(Provided entries)
lemma card_breakpoints_Un_le:
  assumes "d \<ge> 3" and p: "p \<in> perms n" and q: "q \<in> perms n"
    and "dB p (id_perm n) < d" "dB q (id_perm n) < d" "dB p q < d"
  shows "card (breakpoints n p \<union> breakpoints n q) \<le> 2 * d - 3"
proof (rule ccontr)
  let ?Bp = "breakpoints n p" and ?Bq = "breakpoints n q"
  have union: "card (?Bp \<union> ?Bq) = card ?Bp + card (?Bq - ?Bp)"
              "card (?Bp \<union> ?Bq) = card ?Bq + card (?Bp - ?Bq)"
    using card_Un_disjoint[of ?Bp "?Bq - ?Bp"] card_Un_disjoint[of ?Bq "?Bp - ?Bq"]
    by (simp_all add: Un_commute)
  have small: "card ?Bp < d" "card ?Bq < d"
    using assms(4,5) card_breakpoints[OF p] card_breakpoints[OF q] by simp_all
  assume large: "\<not> ?thesis"
  then have "card (?Bp - ?Bq) \<ge> 2"
    using union(2) small(2) \<open>d \<ge> 3\<close> by linarith
  then have "\<not> ?Bp - ?Bq \<subseteq> {last p}"
    using card_mono[of "{last p}" "?Bp - ?Bq"] by auto
  then obtain a where "a \<in> ?Bp - ?Bq" "a \<noteq> last p"
    by blast
  then have "card (?Bq - ?Bp) < dB p q"
    by (rule card_breakpoints_diff_less_dB[OF p q])
  then show False
    using large union(1) small(1) \<open>dB p q < d\<close> by linarith
qed

section \<open>Counting edges\<close>

lemma card_subsets_card_le:
  assumes "finite A"
  shows "card {S. S \<subseteq> A \<and> card S \<le> k} \<le> Suc (card A) ^ k"
proof -
  let ?L = "{xs. set xs \<subseteq> insert None (Some ` A) \<and> length xs = k}"
  have "{S. S \<subseteq> A \<and> card S \<le> k} \<subseteq> (\<lambda>xs. Some -` set xs) ` ?L"
  proof clarify
    fix S assume S: "S \<subseteq> A" "card S \<le> k"
    then obtain ys where ys: "set ys = S" "distinct ys"
      using finite_distinct_list[OF finite_subset[OF S(1) assms]] by blast
    let ?xs = "map Some ys @ replicate (k - card S) None"
    have "length ?xs = k" "set ?xs \<subseteq> insert None (Some ` A)" "Some -` set ?xs = S"
      using S ys distinct_card[OF ys(2)] by auto
    then show "S \<in> (\<lambda>xs. Some -` set xs) ` ?L"
      by (intro image_eqI[of _ _ ?xs]) auto
  qed
  moreover have "finite ?L"
    using assms by (simp add: finite_lists_length_eq)
  ultimately have "card {S. S \<subseteq> A \<and> card S \<le> k} \<le> card ((\<lambda>xs. Some -` set xs) ` ?L)"
    by (simp add: card_mono)
  also have "\<dots> \<le> card ?L"
    using \<open>finite ?L\<close> by (rule card_image_le)
  also have "\<dots> = Suc (card A) ^ k"
    using assms by (simp add: card_lists_length_eq card_image)
  finally show ?thesis .
qed

lemma P_le_power:
  assumes "d \<ge> 3" and "n \<ge> 1"
  defines "L \<equiv> 2 * d - 3"
  shows "P n d \<le> ((2 * L + 2) * 2 ^ ((2 * L + 2) * (2 * L + 2))) ^ 2 * n ^ L"
proof -
  define c where "c = (2 * L + 2) * 2 ^ ((2 * L + 2) * (2 * L + 2))"
  define B where "B T = {p \<in> perms n. breakpoints n p \<subseteq> T}" for T
  define Ts where "Ts = {T. T \<subseteq> {1..<n} \<and> card T \<le> L}"
  define Pairs where "Pairs = {(p, q). p \<in> H_vertices n d \<and> q \<in> H_vertices n d \<and> dB p q < d}"
  have cover: "Pairs \<subseteq> (\<Union>T\<in>Ts. B T \<times> B T)"
  proof clarify
    fix p q assume "(p, q) \<in> Pairs"
    then have "p \<in> perms n" "q \<in> perms n" "dB p (id_perm n) < d" "dB q (id_perm n) < d" "dB p q < d"
      unfolding Pairs_def H_vertices_def by auto
    then have "breakpoints n p \<union> breakpoints n q \<in> Ts" "p \<in> B (breakpoints n p \<union> breakpoints n q)"
      "q \<in> B (breakpoints n p \<union> breakpoints n q)"
      using card_breakpoints_Un_le[OF assms(1)] breakpoints_subset
      unfolding Ts_def B_def L_def by auto
    then show "(p, q) \<in> (\<Union>T\<in>Ts. B T \<times> B T)" by blast
  qed
  have "finite Ts"
    unfolding Ts_def by simp
  then have finite_cover: "finite (\<Union>T\<in>Ts. B T \<times> B T)"
    unfolding B_def using finite_perms by simp
  have "H_edges n d \<subseteq> (\<lambda>(p, q). {p, q}) ` Pairs"
    unfolding H_edges_def Pairs_def by auto
  moreover have "finite Pairs"
    using cover finite_cover by (rule finite_subset)
  ultimately have "P n d \<le> card ((\<lambda>(p, q). {p, q}) ` Pairs)"
    unfolding P_def by (simp add: card_mono)
  also have "\<dots> \<le> card Pairs"
    using \<open>finite Pairs\<close> by (rule card_image_le)
  also have "\<dots> \<le> card (\<Union>T\<in>Ts. B T \<times> B T)"
    using cover finite_cover by (rule card_mono[rotated])
  also have "\<dots> \<le> (\<Sum>T\<in>Ts. card (B T \<times> B T))"
    using \<open>finite Ts\<close> by (rule card_UN_le)
  also have "\<dots> \<le> (\<Sum>T\<in>Ts. c ^ 2)"
  proof (rule sum_mono)
    fix T assume "T \<in> Ts"
    then have "card (B T) \<le> c"
      unfolding B_def c_def Ts_def using card_perms_breakpoints_subset[OF assms(2)]
      by (auto intro: finite_subset)
    then show "card (B T \<times> B T) \<le> c ^ 2"
      by (simp add: card_cartesian_product power2_eq_square mult_le_mono)
  qed
  also have "\<dots> = card Ts * c ^ 2" by simp
  also have "card Ts \<le> n ^ L"
    using card_subsets_card_le[of "{1..<n}" L] assms(2) unfolding Ts_def by simp
  finally show ?thesis
    unfolding c_def by (simp add: mult.commute mult_right_mono)
qed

(Problem description) Report the number of lines above that contain the word "blast", and only that number.

(Exercise response) 3